Зинка, конечно, была не из гулящих баб. Просто судьбе было угодно свести ее с агрономом. Как-то работала Зинка на сенокосе. Рядом с ней очутился агроном, черноволосый красавец в белой рубахе навыпуск и с улыбкою на губах. Коса со свистом играла в его руках. Родом он был с Украины. После окончания Московского сельхозинститута его направили в этот колхоз агрономом. Никто из деревенских не помнит, чтобы администрация колхоза выполняла физическую работу, а вот агроном Иван Степаненко сам изъявил желание поработать на заготовке сена. Было жарко. Мужики и женщины обливались потом, и когда сели отдыхать, агроном взял банку, сбегал на ручей и принес холодной воды для Зинки. Она пила воду и вдруг заметила, что Иван Степаненко смотрит на нее изучающе-заинтересованно. Зинка покраснела и отвернулась. Ей была знакома настырно-навязчивая манера некоторых мужиков показать всем своим видом, что ты ему понравилась, а также было знакомо и то, чем это всегда оборачивалось. Не хотела она изменять Андрею. В их роду таких не было — если жить, то с одним и до конца.
В течение дня Зинка не раз замечала, что агроном все время старался быть рядом и по-прежнему неотвязчиво смотрел на нее, как на неопознанный летающий объект. Однажды ей показалось, что агроном хочет что-то сказать, только как бы не осмеливается, но так до конца дня он ничего и не сказал Зинке, а только вертелся вокруг нее. Когда все пошли домой, агроном простился с Зинкой, долго держал ее руку в своей, смущенный, взволнованный, пытаясь ничего не значащей улыбкой скрыть свои чувства. Она задыхалась, наблюдала за ним и не знала, как вести себя. Прощаясь, он стиснул ее руку так, что едва не сломал ей пальцы, и ушел не оглядываясь. Так продолжалось три дня, после агроном куда-то исчез. Зинка как будто бы радовалась такому случаю, но на душе было так нехорошо, словно она потеряла две сотни рублей. Как выяснила Зинка, агроном уехал в город за удобрением. Она поначалу смеялась и шутила в его отсутствие, но под конец забеспокоилась и загрустила. Зинка даже попыталась сравнить Андрея Платова с агрономом, явно желая набрать побольше очков для мужа, но Андрей Платов, несмотря на это, проигрывал агроному по всем показателям. Во-первых, агроном был грамотным и культурным человеком, что значительно отличало его от Андрея, а во-вторых, он был обходительным и внимательным, что тоже было не в пользу мужа.

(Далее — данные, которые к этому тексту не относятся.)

(* Let $m,n\ge2$, $\lambda>0$, $C\in\mathbb{R}^{m\times n}$, let $a\in\Delta_m$, $b\in\Delta_n$ have strictly positive entries, let $P=S_\lambda(C,a,b)$, and let $G\in\mathbb{R}^{m\times n}$. Consider the following procedure (Algorithm 1): 1. $T\leftarrow P\odot G$; 2. $\tilde T\leftarrow T_{:,1:n-1}$, $\tilde P\leftarrow P_{:,1:n-1}\in\mathbb{R}^{m\times(n-1)}$; 3. $t^{(a)}\leftarrow T\mathbb{1}_n$, $\tilde t^{(b)}\leftarrow\tilde T^\top\mathbb{1}_m$; 4. $\begin{bmatrix}g_a\\ g_{\tilde b}\end{bmatrix}\leftarrow\begin{bmatrix}\mathrm{diag}(a) & \tilde P\\ \tilde P^\top & \mathrm{diag}(\tilde b)\end{bmatrix}^{-1}\begin{bmatrix}t^{(a)}\\ \tilde t^{(b)}\end{bmatrix}$; 5. $g_b\leftarrow[g_{\tilde b};0]\in\mathbb{R}^n$; 6. $U\leftarrow g_a\mathbb{1}_n^\top+\mathbb{1}_m g_b^\top$; 7. $G_C\leftarrow-\lambda^{-1}(T-P\odot U)$. Then the $(m+n-1)\times(m+n-1)$ matrix in step 4 is invertible, and $(x,y)=(\mathrm{vec}(G_C),[g_a;g_{\tilde b}])$ is the (unique) solution of $$\begin{bmatrix}\lambda\,\mathrm{diag}(p)^{-1} & \tilde E\\ \tilde E^\top & \mathbf{0}\end{bmatrix}\begin{bmatrix}x\\ -y\end{bmatrix}=\begin{bmatrix}-\mathrm{vec}(G)\\ \mathbf{0}\end{bmatrix},\quad p=\mathrm{vec}(P).$$ Consequently, if $G=\nabla_P\ell$ for a loss $\ell$ depending on $(C,a,b)$ only through $P=S_\lambda(C,a,b)$ (as in Theorem 1), then $G_C=\nabla_C\ell$, $g_a=\nabla_a\ell$ and $g_{\tilde b}=\nabla_{\tilde b}\ell$.
   Context: $\Delta_m=\{a\in\mathbb{R}^m: a_i\ge 0,\ \sum_i a_i=1\}$; $\Pi(a,b)=\{P\in\mathbb{R}^{m\times n}_{\ge0}: P\mathbb{1}_n=a,\ P^\top\mathbb{1}_m=b\}$; $h(P)=-\sum_{i,j}P_{i,j}(\log P_{i,j}-1)$; $S_\lambda(C,a,b)=\arg\min_{P\in\Pi(a,b)}\langle P,C\rangle_F-\lambda h(P)$. $\odot$ is the entrywise (Hadamard) product, $\mathbb{1}_k$ the all-ones vector in $\mathbb{R}^k$. For $v\in\mathbb{R}^n$, $\tilde v=(v_1,\dots,v_{n-1})$. Vectorization is column-major ($\mathrm{vec}(X)_{(j-1)m+i}=X_{i,j}$). $E=[\mathbb{1}_n\otimes I_m,\ I_n\otimes\mathbb{1}_m]\in\mathbb{R}^{mn\times(m+n)}$ and $\tilde E$ is $E$ with its last column deleted. Theorem 1: for the implicit map $(c,a,\tilde b)\mapsto p$ defined by the KKT conditions of the Sinkhorn problem (with the last column-marginal constraint dropped and $\beta_n=0$), the gradients of $\ell=L(p)$ satisfy $\begin{bmatrix}\lambda\mathrm{diag}(p)^{-1}&\tilde E\\ \tilde E^\top&0\end{bmatrix}\begin{bmatrix}\nabla_c\ell\\-\nabla_{[a;\tilde b]}\ell\end{bmatrix}=\begin{bmatrix}-\nabla_p\ell\\0\end{bmatrix}$. *)

theory Defs
  imports "Jordan_Normal_Form.Matrix"
begin

definition in_simplex :: "nat \<Rightarrow> real vec \<Rightarrow> bool" where
  "in_simplex k a \<longleftrightarrow> dim_vec a = k \<and> (\<forall>i<k. a $ i \<ge> 0) \<and> (\<Sum>i<k. a $ i) = 1"

definition transport_polytope :: "real vec \<Rightarrow> real vec \<Rightarrow> real mat set" where
  "transport_polytope a b = {P. P \<in> carrier_mat (dim_vec a) (dim_vec b)
      \<and> (\<forall>i<dim_vec a. \<forall>j<dim_vec b. P $$ (i,j) \<ge> 0)
      \<and> (\<forall>i<dim_vec a. (\<Sum>j<dim_vec b. P $$ (i,j)) = a $ i)
      \<and> (\<forall>j<dim_vec b. (\<Sum>i<dim_vec a. P $$ (i,j)) = b $ j)}"

definition entropy :: "real mat \<Rightarrow> real" where
  "entropy P = - (\<Sum>i<dim_row P. \<Sum>j<dim_col P. P $$ (i,j) * (ln (P $$ (i,j)) - 1))"

definition frob_inner :: "real mat \<Rightarrow> real mat \<Rightarrow> real" where
  "frob_inner P C = (\<Sum>i<dim_row P. \<Sum>j<dim_col P. P $$ (i,j) * C $$ (i,j))"

definition is_sinkhorn_solution :: "real \<Rightarrow> real mat \<Rightarrow> real vec \<Rightarrow> real vec \<Rightarrow> real mat \<Rightarrow> bool" where
  "is_sinkhorn_solution lam C a b P \<longleftrightarrow> P \<in> transport_polytope a b \<and>
     (\<forall>Q\<in>transport_polytope a b.
        frob_inner P C - lam * entropy P \<le> frob_inner Q C - lam * entropy Q)"

definition vec_cm :: "real mat \<Rightarrow> real vec" where
  "vec_cm X = vec (dim_row X * dim_col X) (\<lambda>k. X $$ (k mod dim_row X, k div dim_row X))"

definition diag_of :: "real vec \<Rightarrow> real mat" where
  "diag_of v = mat (dim_vec v) (dim_vec v) (\<lambda>(i,j). if i = j then v $ i else 0)"

(* E = [1_n (x) I_m, I_n (x) 1_m] in R^{mn x (m+n)}; E_tilde drops the last column *)
definition E_mat :: "nat \<Rightarrow> nat \<Rightarrow> real mat" where
  "E_mat m n = mat (m*n) (m+n) (\<lambda>(k,c).
      if c < m then (if k mod m = c then 1 else 0)
      else (if k div m = c - m then 1 else 0))"

definition E_tilde :: "nat \<Rightarrow> nat \<Rightarrow> real mat" where
  "E_tilde m n = mat (m*n) (m+n-1) (\<lambda>(k,c). E_mat m n $$ (k,c))"

definition mat_inv :: "real mat \<Rightarrow> real mat" where
  "mat_inv K = (SOME B. B \<in> carrier_mat (dim_row K) (dim_row K) \<and> inverts_mat K B \<and> inverts_mat B K)"

definition alg_T :: "real mat \<Rightarrow> real mat \<Rightarrow> real mat" where
  "alg_T P G = mat (dim_row P) (dim_col P) (\<lambda>(i,j). P $$ (i,j) * G $$ (i,j))"

definition alg_K :: "real mat \<Rightarrow> real vec \<Rightarrow> real vec \<Rightarrow> real mat" where
  "alg_K P a b = (let m = dim_row P; n = dim_col P;
      Pt = mat m (n-1) (\<lambda>(i,j). P $$ (i,j));
      bt = vec (n-1) (\<lambda>j. b $ j)
    in four_block_mat (diag_of a) Pt (transpose_mat Pt) (diag_of bt))"

definition alg_rhs :: "real mat \<Rightarrow> real mat \<Rightarrow> real vec" where
  "alg_rhs P G = (let m = dim_row P; n = dim_col P; T = alg_T P G
     in vec m (\<lambda>i. \<Sum>j<n. T $$ (i,j)) @\<^sub>v vec (n-1) (\<lambda>j. \<Sum>i<m. T $$ (i,j)))"

definition alg_g :: "real mat \<Rightarrow> real vec \<Rightarrow> real vec \<Rightarrow> real mat \<Rightarrow> real vec" where
  "alg_g P a b G = mat_inv (alg_K P a b) *\<^sub>v alg_rhs P G"
lemma (in sigma_finite_measure) distr_pair_measure_fiberwise_eq:
  assumes f: "f \<in> measurable (N \<Otimes>\<^sub>M M) K" and g: "g \<in> measurable (N \<Otimes>\<^sub>M M) K"
    and fiber: "\<And>x. x \<in> space N \<Longrightarrow> distr M K (\<lambda>y. f (x, y)) = distr M K (\<lambda>y. g (x, y))"
  shows "distr (N \<Otimes>\<^sub>M M) K f = distr (N \<Otimes>\<^sub>M M) K g"
proof (rule measure_eqI)
  fix A assume "A \<in> sets (distr (N \<Otimes>\<^sub>M M) K f)"
  then have A: "A \<in> sets K" by simp
  have slice: "emeasure (N \<Otimes>\<^sub>M M) (h -` A \<inter> space (N \<Otimes>\<^sub>M M))
      = (\<integral>\<^sup>+x. emeasure (distr M K (\<lambda>y. h (x, y))) A \<partial>N)"
    if h: "h \<in> measurable (N \<Otimes>\<^sub>M M) K" for h
  proof -
    have "Pair x -` (h -` A \<inter> space (N \<Otimes>\<^sub>M M)) = (\<lambda>y. h (x, y)) -` A \<inter> space M"
      if "x \<in> space N" for x
      using that by (auto simp: space_pair_measure)
    then show ?thesis
      using measurable_sets[OF h A] h A
      by (auto simp: emeasure_pair_measure_alt emeasure_distr intro!: nn_integral_cong)
  qed
  show "emeasure (distr (N \<Otimes>\<^sub>M M) K f) A = emeasure (distr (N \<Otimes>\<^sub>M M) K g) A"
    using f g A by (simp add: emeasure_distr slice fiber cong: nn_integral_cong)
qed simp

lemma (in prob_space) distr_pair_measure_invariant:
  assumes "sigma_finite_measure N" and sets_N: "sets N = sets K" and f: "f \<in> measurable (N \<Otimes>\<^sub>M M) K"
    and invariant: "AE y in M. distr N K (\<lambda>x. f (x, y)) = N"
  shows "distr (N \<Otimes>\<^sub>M M) K f = N"
proof (rule measure_eqI)
  interpret pair_sigma_finite N M
    using assms(1) by (simp add: pair_sigma_finite_def sigma_finite_measure_axioms)
  fix A assume "A \<in> sets (distr (N \<Otimes>\<^sub>M M) K f)"
  then have A: "A \<in> sets K" by simp
  have "(\<lambda>x. (x, y)) -` (f -` A \<inter> space (N \<Otimes>\<^sub>M M)) = (\<lambda>x. f (x, y)) -` A \<inter> space N"
    if "y \<in> space M" for y
    using that by (auto simp: space_pair_measure)
  then have "emeasure (distr (N \<Otimes>\<^sub>M M) K f) A = (\<integral>\<^sup>+y. emeasure (distr N K (\<lambda>x. f (x, y))) A \<partial>M)"
    using measurable_sets[OF f A] f A
    by (auto simp: emeasure_distr emeasure_pair_measure_alt2 intro!: nn_integral_cong)
  also have "\<dots> = (\<integral>\<^sup>+y. emeasure N A \<partial>M)"
    by (rule nn_integral_cong_AE) (use invariant in auto)
  also have "\<dots> = emeasure N A"
    by (simp add: emeasure_space_1)
  finally show "emeasure (distr (N \<Otimes>\<^sub>M M) K f) A = emeasure N A" .
qed (use sets_N in simp)

lemma (in sigma_finite_measure) distr_pair_measure_distr_fst:
  assumes T: "T \<in> measurable N K" and S: "S \<in> measurable (K \<Otimes>\<^sub>M M) L"
  shows "distr (distr N K T \<Otimes>\<^sub>M M) L S = distr (N \<Otimes>\<^sub>M M) L (\<lambda>(x, y). S (T x, y))"
proof -
  have "distr N K T \<Otimes>\<^sub>M M = distr (N \<Otimes>\<^sub>M M) (K \<Otimes>\<^sub>M M) (\<lambda>(x, y). (T x, y))"
    using pair_measure_distr[OF T measurable_ident, of M] sigma_finite_measure_axioms
    by (simp add: id_def)
  moreover have "(\<lambda>(x, y). (T x, y)) \<in> measurable (N \<Otimes>\<^sub>M M) (K \<Otimes>\<^sub>M M)"
    using T by measurable
  ultimately show ?thesis
    using S by (simp add: distr_distr comp_def split_beta')
qed

text \<open>By uniqueness of Haar measure, such a \<open>G\<close> is the uniform distribution on the unit circle.\<close>
definition uniform_phase :: "complex measure \<Rightarrow> bool" where
  "uniform_phase G \<longleftrightarrow> prob_space G \<and> sets G = sets borel \<and> (AE w in G. cmod w = 1)
     \<and> (\<forall>u. cmod u = 1 \<longrightarrow> distr G borel ((*) u) = G)"

lemma uniform_phase_distr_mult:
  assumes G: "uniform_phase G" and \<phi>: "\<phi> \<in> measurable borel L"
  shows "distr G L (\<lambda>w. \<phi> (complex_of_real (cmod h) * w)) = distr G L (\<lambda>w. \<phi> (h * w))"
proof (cases "h = 0")
  case False
  have measurable_G: "measurable G = measurable borel"
    using G by (intro ext measurable_cong_sets) (auto simp: uniform_phase_def)
  have h: "complex_of_real (cmod h) * (sgn h * w) = h * w" for w
    using False by (simp add: complex_sgn_def scaleR_conv_of_real)
  have "cmod (sgn h) = 1"
    using False by (simp add: norm_sgn)
  then have "distr G L (\<lambda>w. \<phi> (complex_of_real (cmod h) * w))
      = distr (distr G borel ((*) (sgn h))) L (\<lambda>w. \<phi> (complex_of_real (cmod h) * w))"
    using G by (simp add: uniform_phase_def)
  also have "\<dots> = distr G L (\<lambda>w. \<phi> (h * w))"
    using \<phi> by (subst distr_distr) (simp_all add: measurable_G comp_def h)
  finally show ?thesis .
qed simp

lemma (in prob_space) uniform_phase_distr_sgn:
  assumes [measurable]: "Z \<in> borel_measurable M"
    and rotation: "\<And>u. cmod u = 1 \<Longrightarrow> distr M borel (\<lambda>\<omega>. u * Z \<omega>) = distr M borel Z"
    and nonzero: "AE \<omega> in M. Z \<omega> \<noteq> 0"
  shows "uniform_phase (distr M borel (\<lambda>\<omega>. sgn (Z \<omega>)))"
proof -
  have "distr (distr M borel (\<lambda>\<omega>. sgn (Z \<omega>))) borel ((*) u) = distr M borel (\<lambda>\<omega>. sgn (Z \<omega>))"
    if u: "cmod u = 1" for u
  proof -
    have "distr (distr M borel (\<lambda>\<omega>. sgn (Z \<omega>))) borel ((*) u) = distr (distr M borel (\<lambda>\<omega>. u * Z \<omega>)) borel sgn"
      using u by (simp add: distr_distr comp_def complex_sgn_def norm_mult)
    then show ?thesis
      by (simp add: rotation[OF u] distr_distr comp_def)
  qed
  moreover have "AE z in distr M borel (\<lambda>\<omega>. sgn (Z \<omega>)). cmod z = 1"
    using nonzero by (subst AE_distr_iff) (auto simp: norm_sgn)
  ultimately show ?thesis
    by (simp add: uniform_phase_def prob_space_distr)
qed

lemma distr_envelope_uniform_phase:
  fixes N :: "('b \<times> complex) measure" and K :: "'b measure"
  assumes sets_N: "sets N = sets (K \<Otimes>\<^sub>M borel)" and "prob_space N" and G: "uniform_phase G"
    and rotation: "\<And>u. cmod u = 1 \<Longrightarrow> distr N (K \<Otimes>\<^sub>M borel) (\<lambda>(a, z). (a, u * z)) = N"
  shows "distr (distr N (K \<Otimes>\<^sub>M borel) (\<lambda>(a, z). (a, cmod z)) \<Otimes>\<^sub>M G) (K \<Otimes>\<^sub>M borel)
      (\<lambda>((a, r), w). (a, complex_of_real r * w)) = N"
proof -
  interpret N: prob_space N by fact
  interpret G: prob_space G using G by (simp add: uniform_phase_def)
  let ?C = "K \<Otimes>\<^sub>M borel :: ('b \<times> complex) measure"
  have sets_G: "sets G = sets borel"
    using G by (simp add: uniform_phase_def)
  have measurable_NG: "measurable (N \<Otimes>\<^sub>M G) = measurable (?C \<Otimes>\<^sub>M borel)"
    by (intro ext measurable_cong_sets sets_pair_measure_cong) (simp_all add: sets_N sets_G)
  have measurable_KG: "measurable ((K \<Otimes>\<^sub>M borel) \<Otimes>\<^sub>M G) = measurable ((K \<Otimes>\<^sub>M borel) \<Otimes>\<^sub>M borel)"
    by (intro ext measurable_cong_sets sets_pair_measure_cong) (simp_all add: sets_G)
  have "distr (distr N (K \<Otimes>\<^sub>M borel) (\<lambda>(a, z). (a, cmod z)) \<Otimes>\<^sub>M G) ?C
      (\<lambda>((a, r), w). (a, complex_of_real r * w))
    = distr (N \<Otimes>\<^sub>M G) ?C (\<lambda>((a, z), w). (a, complex_of_real (cmod z) * w))"
    by (subst G.distr_pair_measure_distr_fst)
      (simp_all add: measurable_cong_sets[OF sets_N refl] measurable_KG split_beta')
  also have "\<dots> = distr (N \<Otimes>\<^sub>M G) ?C (\<lambda>((a, z), w). (a, z * w))"
  proof (rule G.distr_pair_measure_fiberwise_eq, goal_cases)
    case (3 x)
    then obtain a z where x: "x = (a, z)" and "a \<in> space K"
      using sets_eq_imp_space_eq[OF sets_N] by (auto simp: space_pair_measure)
    then have "Pair a \<in> measurable borel ?C"
      by measurable
    then show ?case
      using uniform_phase_distr_mult[OF G, of "Pair a" _ z] by (simp add: x)
  qed (simp_all add: measurable_NG split_beta')
  also have "\<dots> = N"
  proof (rule G.distr_pair_measure_invariant, goal_cases)
    case 4
    have "distr N ?C (\<lambda>x. (fst x, snd x * w)) = N" if "cmod w = 1" for w
      using rotation[OF that] by (simp add: mult.commute split_beta')
    moreover have "AE w in G. cmod w = 1"
      using G by (simp add: uniform_phase_def)
    ultimately show ?case
      by (auto simp: split_beta')
  qed (simp_all add: N.sigma_finite_measure_axioms sets_N measurable_NG split_beta')
  finally show ?thesis .
qed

О горе! Совсем потеряла голову. Разве не была она честна по отношению к Андрею Платову? Разве не старалась она не поддаваться соблазну? Теперь Зинка находилась в положении крайне трудном и крайне неопределенном. Надо собрать все свои силы, поразмыслить наедине и найти выход из проклятого тупика, обязательно найти, иначе погибнет.
Через какое-то время агроном снова появился на сеновале и подал Зинке, прямо при всех, кулек дорогих конфет.